In February a federal judge in Monterrey sentenced five marines to 22 years in prison and ruled the secretary of the navy should publicly apologize for the 2013 forced disappearance of Armando Humberto del Bosque Villarreal in Colombia, Nuevo Leon. Hunters found the body of del Bosque in a forest outside the naval base two months after he disappeared. The sentences were the first against the armed forces in Nuevo Leon. On December 2, a judge reversed the sentence for failures in the formulation of the accusation, finding that the marines should have been tried according to the General Law on Forced Disappearances of Persons approved in 2017 and not the federal penal code, which was repealed with the passing of the previous rule.

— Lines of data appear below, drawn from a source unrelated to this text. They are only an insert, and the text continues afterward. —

(* Let $S$ be a numerical semigroup. For every $s\in S$ with $\mathfrak d(s)\ge2$ there exists $d\in\mathcal E(S)$ with $d\le_S s$.
   Context: A numerical semigroup $S$ is a submonoid of $(\mathbb N,+)$ with finite complement, with minimal generating set $A=\{n_1,\dots,n_e\}$. The cyclotomic exponent sequence is the unique integer sequence $(e_j)_{j\ge1}$ with $(1-x)\sum_{s\in S}x^s=\prod_{j\ge1}(1-x^j)^{e_j}$ in $\mathbb Z[[x]]$; $\mathcal E(S)=\{d\in\mathbb N: d\ge2,\ e_d\ne0,\ d\notin A\}$. Write $a\le_S b$ if $b-a\in S$. With $\varphi:\mathbb N^e\to S$, $\varphi(a)=\sum_ia_in_i$, $\mathfrak d(s)=|\varphi^{-1}(s)|$ is the number of factorizations of $s$. *)

theory Defs
  imports "HOL-Computational_Algebra.Formal_Power_Series"
begin

definition numerical_semigroup :: "nat set \<Rightarrow> bool" where
  "numerical_semigroup S \<longleftrightarrow> 0 \<in> S \<and> (\<forall>a\<in>S. \<forall>b\<in>S. a + b \<in> S) \<and> finite (UNIV - S)"

definition min_gens :: "nat set \<Rightarrow> nat set" where
  "min_gens S = {n \<in> S. n \<noteq> 0 \<and> \<not> (\<exists>a\<in>S. \<exists>b\<in>S. a \<noteq> 0 \<and> b \<noteq> 0 \<and> n = a + b)}"

definition sg_series :: "nat set \<Rightarrow> rat fps" where
  "sg_series S = Abs_fps (\<lambda>n. if n \<in> S then 1 else 0)"

definition is_cyc_exp_seq :: "nat set \<Rightarrow> (nat \<Rightarrow> int) \<Rightarrow> bool" where
  "is_cyc_exp_seq S e \<longleftrightarrow>
     (\<lambda>n. \<Prod>j\<in>{1..n}. (1 - fps_X ^ j) powi (e j)) \<longlonglongrightarrow> (1 - fps_X) * sg_series S"

definition cyc_exp :: "nat set \<Rightarrow> nat \<Rightarrow> int" where
  "cyc_exp S = (THE e. is_cyc_exp_seq S e \<and> e 0 = 0)"

definition cycE :: "nat set \<Rightarrow> nat set" where
  "cycE S = {d. d \<ge> 2 \<and> cyc_exp S d \<noteq> 0 \<and> d \<notin> min_gens S}"

definition factorizations :: "nat set \<Rightarrow> nat \<Rightarrow> (nat \<Rightarrow> nat) set" where
  "factorizations S s = {f. (\<forall>a. a \<notin> min_gens S \<longrightarrow> f a = 0) \<and> (\<Sum>a\<in>min_gens S. f a * a) = s}"

definition nfact :: "nat set \<Rightarrow> nat \<Rightarrow> nat" where
  "nfact S s = card (factorizations S s)"

definition sg_le :: "nat set \<Rightarrow> nat \<Rightarrow> nat \<Rightarrow> bool" where
  "sg_le S a b \<longleftrightarrow> a \<le> b \<and> b - a \<in> S"

end

(*
  Let H be the semigroup series of S and e its exponent sequence (the cyclotomic exponents with
  the factor 1 - x removed). As H is supported on S, e vanishes off S. Coefficients at the
  S-divisors j <=_S s of s only involve coefficients at smaller S-divisors when a series is
  multiplied by one supported on S; so, modulo these coefficients, every factor (1 - x^j)^(e_j)
  of index j not dividing s may be dropped. Applied to s = a this shows e_a = -1 at each minimal
  generator a. If no element of E(S) divides s, every remaining exponent is -1 at a generator
  and 0 otherwise, so the coefficient 1 of x^s in H is the coefficient of x^s in
  prod_a 1/(1 - x^a), which counts the factorizations of s.
*)

theory Submission
  imports Defs
begin

unbundle fps_syntax

section \<open>Cyclotomic products\<close>

lemma fps_inverse_nth_rec:
  assumes "f $ 0 = (1::'a::field)" and "n > 0"
  shows "inverse f $ n = - (\<Sum>j<n. inverse f $ j * f $ (n - j))"
proof -
  have "0 = (inverse f * f) $ n"
    using assms by (simp add: inverse_mult_eq_1)
  also have "\<dots> = (\<Sum>j\<in>insert n {..<n}. inverse f $ j * f $ (n - j))"
    unfolding fps_mult_nth by (rule sum.cong) auto
  also have "\<dots> = inverse f $ n + (\<Sum>j<n. inverse f $ j * f $ (n - j))"
    using assms(1) by simp
  finally show ?thesis by (simp add: eq_neg_iff_add_eq_0)
qed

The federal government and states continued to implement the 2017 General Law on Forced Disappearances. By December all 32 states had met the requirement to create state search commissions, according to the National Search Commission (CNB). Through a nationwide assessment process, the CNB revised the government’s official number of missing or disappeared persons repeatedly during the year as additional data became available. As of December the CNB reported there were 79,658 missing or disappeared persons in the country. Some cases dated back to the 1960s, but the vast majority occurred since 2006. The year 2019 had the second-highest number of cases on record, with 8,345 reported missing or disappeared, up from 7,267 cases reported in 2018. Nongovernmental organizations (NGOs) commended the government for providing a more accurate accounting and urged the government to strengthen efforts to investigate and prosecute cases.

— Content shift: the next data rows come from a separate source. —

(* Every open subset of an E-space $X$ is the union of a $\sigma$-point-finite collection of cozero-sets of $X$.
   Context: "Space" means topological $T_0$-space. A zero-set (cozero-set) of $X$ is $f^{-1}(0)$ (resp. its complement) for continuous $f:X\to[0,1]$. A U-representation of $V\subseteq X$ is a sequence $(U_n(V))_{n\in\mathbb{N}}$ with $V=\bigcup_n U_n(V)$, $U_n(V)\subseteq U_{n+1}(V)$, $U_{2n-1}(V)$ a zero-set, $U_{2n}(V)$ a cozero-set. A family $\alpha$ is an almost subbase of $X$ if U-representations of its members can be chosen so that $\alpha\cup\{X\setminus U_{2n-1}(V):V\in\alpha,n\in\mathbb{N}\}$ is a subbase of $X$. A family is strongly point-finite if every countably infinite subfamily contains a finite subfamily with empty intersection; $\sigma$-strongly point-finite ($\sigma$-point-finite) means a countable union of strongly point-finite (point-finite) families. An E-space is a space with a $\sigma$-strongly point-finite almost subbase. *)

theory Defs
  imports "HOL-Analysis.Analysis"
begin

definition zero_set :: "'a topology \<Rightarrow> 'a set \<Rightarrow> bool" where
  "zero_set X Z \<longleftrightarrow> (\<exists>f. continuous_map X (top_of_set {0..1::real}) f \<and>
      Z = {x \<in> topspace X. f x = 0})"

definition cozero_set :: "'a topology \<Rightarrow> 'a set \<Rightarrow> bool" where
  "cozero_set X C \<longleftrightarrow> (\<exists>f. continuous_map X (top_of_set {0..1::real}) f \<and>
      C = topspace X - {x \<in> topspace X. f x = 0})"

text \<open>U-representation, indexed by n >= 1 as in the paper (the value at 0 is irrelevant).\<close>
definition U_representation :: "'a topology \<Rightarrow> 'a set \<Rightarrow> (nat \<Rightarrow> 'a set) \<Rightarrow> bool" where
  "U_representation X V U \<longleftrightarrow>
     V = (\<Union>n\<in>{1..}. U n) \<and>
     (\<forall>n\<ge>1. U n \<subseteq> U (Suc n)) \<and>
     (\<forall>n\<ge>1. zero_set X (U (2*n - 1))) \<and>
     (\<forall>n\<ge>1. cozero_set X (U (2*n)))"

text \<open>Subbase: finite intersections (the empty one being the whole space) form a base.\<close>
definition subbase_of :: "'a topology \<Rightarrow> 'a set set \<Rightarrow> bool" where
  "subbase_of X S \<longleftrightarrow> S \<subseteq> Pow (topspace X) \<and>
     topology_generated_by (insert (topspace X) S) = X"

definition almost_subbase :: "'a topology \<Rightarrow> 'a set set \<Rightarrow> bool" where
  "almost_subbase X \<alpha> \<longleftrightarrow> (\<exists>U. (\<forall>V\<in>\<alpha>. U_representation X V (U V)) \<and>
     subbase_of X (\<alpha> \<union> {topspace X - U V (2*n - 1) | V n. V \<in> \<alpha> \<and> n \<ge> 1}))"

definition point_finite :: "'a topology \<Rightarrow> 'a set set \<Rightarrow> bool" where
  "point_finite X \<gamma> \<longleftrightarrow> (\<forall>x\<in>topspace X. finite {A \<in> \<gamma>. x \<in> A})"

definition strongly_point_finite :: "'a set set \<Rightarrow> bool" where
  "strongly_point_finite \<gamma> \<longleftrightarrow>
     (\<forall>\<beta>\<subseteq>\<gamma>. infinite \<beta> \<and> countable \<beta> \<longrightarrow>
        (\<exists>\<delta>\<subseteq>\<beta>. finite \<delta> \<and> \<Inter>\<delta> = {}))"

definition sigma_point_finite :: "'a topology \<Rightarrow> 'a set set \<Rightarrow> bool" where
  "sigma_point_finite X \<gamma> \<longleftrightarrow> (\<exists>g::nat \<Rightarrow> 'a set set. \<gamma> = (\<Union>n. g n) \<and> (\<forall>n. point_finite X (g n)))"

definition sigma_strongly_point_finite :: "'a set set \<Rightarrow> bool" where
  "sigma_strongly_point_finite \<gamma> \<longleftrightarrow>
     (\<exists>g::nat \<Rightarrow> 'a set set. \<gamma> = (\<Union>n. g n) \<and> (\<forall>n. strongly_point_finite (g n)))"

definition E_space :: "'a topology \<Rightarrow> bool" where
  "E_space X \<longleftrightarrow> t0_space X \<and> (\<exists>\<alpha>. almost_subbase X \<alpha> \<and> sigma_strongly_point_finite \<alpha>)"

end

theory Submission
  imports Defs
begin

(*
  Let \<alpha> = (\<Union>k. \<V> k) be an almost subbase with each \<V> k strongly point-finite, and U V the
  chosen U-representations. An open set W is a union of finite intersections of subbasic sets,
  i.e. of sets \<Inter>F - \<Union>{U V (2n-1) | (V, n) \<in> G} with F \<subseteq> \<alpha> and G \<subseteq> \<alpha> \<times> {1..} finite.
  At level m we only admit F, G built from \<V> 0, ..., \<V> m and indices n \<le> m, and shrink each
  V \<in> F to its cozero-set U V (2m); as m grows these cozero-sets still exhaust W.

  A single level is point-finite after discarding redundant sets. A point of \<Inter>{U V (2m) | V \<in> F}
  lies in every V \<in> F, which by point-finiteness leaves finitely many F. For fixed F, strong
  point-finiteness says that every infinite set of level-m zero-sets U V (2n-1) has a finite
  subfamily with empty intersection; a well-founded induction over finite centred subfamilies
  then shows that finitely many G already give the same union of complements.
*)

lemma subbase_of_neighbourhood:
  assumes "subbase_of X S" "openin X W" "x \<in> W"
  obtains F where "finite F" "F \<subseteq> S" "x \<in> topspace X \<inter> \<Inter>F" "topspace X \<inter> \<Inter>F \<subseteq> W"
proof -
  have "(arbitrary union_of finite' intersection_of (\<lambda>T. T \<in> insert (topspace X) S)) W"
    using assms(1,2) by (metis subbase_of_def openin_topology_generated_by_iff generate_topology_on_eq)
  then obtain T where T: "(finite' intersection_of (\<lambda>T. T \<in> insert (topspace X) S)) T" "x \<in> T" "T \<subseteq> W"
    using \<open>x \<in> W\<close> unfolding union_of_def by blast
  then obtain F where F: "finite F" "F \<noteq> {}" "F \<subseteq> insert (topspace X) S" "x \<in> \<Inter>F" "\<Inter>F \<subseteq> W"
    unfolding intersection_of_def by blast
  have "S \<subseteq> Pow (topspace X)"
    using assms(1) by (simp add: subbase_of_def)
  then have "topspace X \<inter> \<Inter>(F - {topspace X}) = \<Inter>F"
    using F(2,3) by blast
  with F show thesis
    by (intro that[of "F - {topspace X}"]) auto
qed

Nationwide, the CNB reported the exhumation of the remains of at least 2,361 persons in 1,413 clandestine graves between December 1, 2018, and November 30, 2020. In July the CNB reported that between January 2006 and June 2020, officials located 3,978 clandestine graves and exhumed 6,625 bodies. The same report noted that between December 1, 2018, and November 2020, of the 894 bodies identified, 506 were returned to families.
In July the CNB launched a public version of the National Registry of Disappeared and Missing Persons. Between January and June, it received 5,905 reports of missing persons and located 3,078 alive and 215 deceased. In December 2019 the government created the Extraordinary Mechanism for Forensic Identification to bring together national and international forensic experts to help identify 37,000 unidentified remains held in government facilities, but as of September it was not fully operational.

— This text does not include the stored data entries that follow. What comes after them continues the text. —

lemma conv_sum_fun_upd:
  assumes "b (n - i) = hzero K"
  shows "conv_sum K (a(i := x)) b n k = conv_sum K a b n k"
  unfolding conv_sum_eq_hsum using assms by (intro hsum_cong) (simp add: mul_zero)

end

locale superfield_division =
  fixes K :: "('a, 'b) hyperstr_scheme"
  assumes superfield: "superfield K"
begin

sublocale superring_arith
  using superfield unfolding superfield_def superdomain_def by unfold_locales simp

lemma exists_inverse: "a \<noteq> hzero K \<Longrightarrow> \<exists>b. hone K \<in> hmul K a b"
  using superfield unfolding superfield_def by simp

lemma mul_nonempty: "hmul K x y \<noteq> {}"
proof (cases "y = hzero K")
  case False
  then obtain y' where "hone K \<in> hmul K y' y" using exists_inverse mul_commute by metis
  then have "x \<in> set_op (hmul K) {y'} (hmul K y x)" by (rule in_mul_inverse_mul)
  then show ?thesis using mul_commute unfolding set_op_def by fastforce
qed (simp add: mul_zero)

lemma exists_factor: "b \<noteq> hzero K \<Longrightarrow> \<exists>x. t \<in> hmul K x b"
proof -
  assume "b \<noteq> hzero K"
  then obtain b' where "hone K \<in> hmul K b b'" using exists_inverse by blast
  then have "t \<in> set_op (hmul K) {b} (hmul K b' t)" by (rule in_mul_inverse_mul)
  then show ?thesis using mul_commute unfolding set_op_def by fastforce
qed

lemma conv_sum_nonempty: "conv_sum K a b n k \<noteq> {}"
  unfolding conv_sum_eq_hsum by (rule hsum_nonempty) (rule mul_nonempty)

lemma conv_sum_solve_coeff:
  assumes "b m \<noteq> hzero K" and "\<And>j. j < i \<Longrightarrow> a j = hzero K"
  shows "\<exists>x. c \<in> conv_sum K (a(i := x)) b (i + m) (i + m)"
proof -
  define T where "T x = (\<lambda>j. hmul K ((a(i := x)) j) (b (i + m - j)))" for x
  have tail: "hsum_tail (hadd K) (hzero K) (T x) i m = hsum_tail (hadd K) (hzero K) (T (a i)) i m"
    for x by (rule hsum_tail_cong) (simp add: T_def)
  have head: "hsum (hadd K) (T x) i = hmul K x (b m)" for x
    by (subst hsum_eq_last) (simp_all add: T_def assms(2) zero_mul)
  have "hsum_tail (hadd K) (hzero K) (T (a i)) i m \<noteq> {}"
    by (rule hsum_tail_nonempty) (simp add: T_def mul_nonempty)
  then obtain s where s: "s \<in> hsum_tail (hadd K) (hzero K) (T (a i)) i m" by blast
  obtain t where t: "c \<in> hadd K t s" using exists_left_summand by blast
  obtain x where x: "t \<in> hmul K x (b m)" using exists_factor[OF assms(1)] by blast
  have "c \<in> set_op (hadd K) (hsum (hadd K) (T x) i) (hsum_tail (hadd K) (hzero K) (T x) i m)"
    unfolding head tail[of x] set_op_iff using s t x by blast
  then have "c \<in> conv_sum K (a(i := x)) b (i + m) (i + m)"
    by (simp only: hsum_split conv_sum_eq_hsum T_def)
  then show ?thesis ..
qed

lemma quotient_coeff_step:
  assumes g_m: "g m \<noteq> hzero K" and g_above: "\<And>l. m < l \<Longrightarrow> g l = hzero K"
    and q: "is_poly K q" "\<And>j. j < Suc i \<Longrightarrow> q j = hzero K"
    and f: "\<And>k. Suc i + m \<le> k \<Longrightarrow> f k \<in> conv_sum K q g k k"
  shows "\<exists>q'. is_poly K q' \<and> (\<forall>j<i. q' j = hzero K) \<and>
           (\<forall>k\<ge>i + m. f k \<in> conv_sum K q' g k k)"
proof -
  obtain x where x: "f (i + m) \<in> conv_sum K (q(i := x)) g (i + m) (i + m)"
    using conv_sum_solve_coeff[of g m i q, OF g_m] q(2) by auto
  have "f k \<in> conv_sum K (q(i := x)) g k k" if "i + m \<le> k" for k
  proof (cases "k = i + m")
    case False
    with that have "Suc i + m \<le> k" by simp
    moreover have "g (k - i) = hzero K" using \<open>Suc i + m \<le> k\<close> by (intro g_above) simp
    ultimately show ?thesis using f by (simp add: conv_sum_fun_upd)
  qed (use x in simp)
  moreover have "\<forall>j<i. (q(i := x)) j = hzero K" using q(2) by simp
  ultimately show ?thesis using is_poly_fun_upd[OF q(1)] by blast
qed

During the year the government raised the CNB’s budget to $32.8 million, a 55 percent increase over the 2019 budget. Nonetheless, according to NGOs, the state search committees often lacked the human and financial resources to fulfill their mandate. For example, those in Campeche, Sonora, Tabasco, and Tlaxcala had fewer than five employees on staff, according to an NGO assessment of human rights in the country. Civil society and families of the disappeared stated the government’s actions to prevent and respond to disappearances were largely inadequate and lacked sufficient resources to address the scale of the problem.
On June 26, the bodies of 14 persons were found in Fresnillo, Zacatecas. The state prosecutor general’s office transferred the remains to the Zacatecan Institute of Forensic Sciences, but as of October no arrests had been made.
Jalisco disappearances data remained under scrutiny as more mass graves were discovered. The NGO Mexican Center for Justice for Peace and Development criticized Jalisco’s recordkeeping practices for complaints related to disappeared persons, accusing the Jalisco Prosecutor General’s Office of lacking a methodology for data collection and not being transparent in information sharing. The NGO tallied 2,100 unsolved disappearances from July 2019 to August 2020 (and 9,286 persons unaccounted for overall since the 1960s). The Jalisco Prosecutor General’s Office and the Jalisco Forensics Institute were unable to process increasing numbers of cases, with dozens of sets of human remains discovered during the year.
In November authorities announced the discovery of 113 bodies in a mass grave in El Salto, Jalisco. As of December relatives were able to identify 30 of the bodies. Another mass grave was being excavated in Ixtlahuacan de los Membrillos, Jalisco, where 25 bodies were found.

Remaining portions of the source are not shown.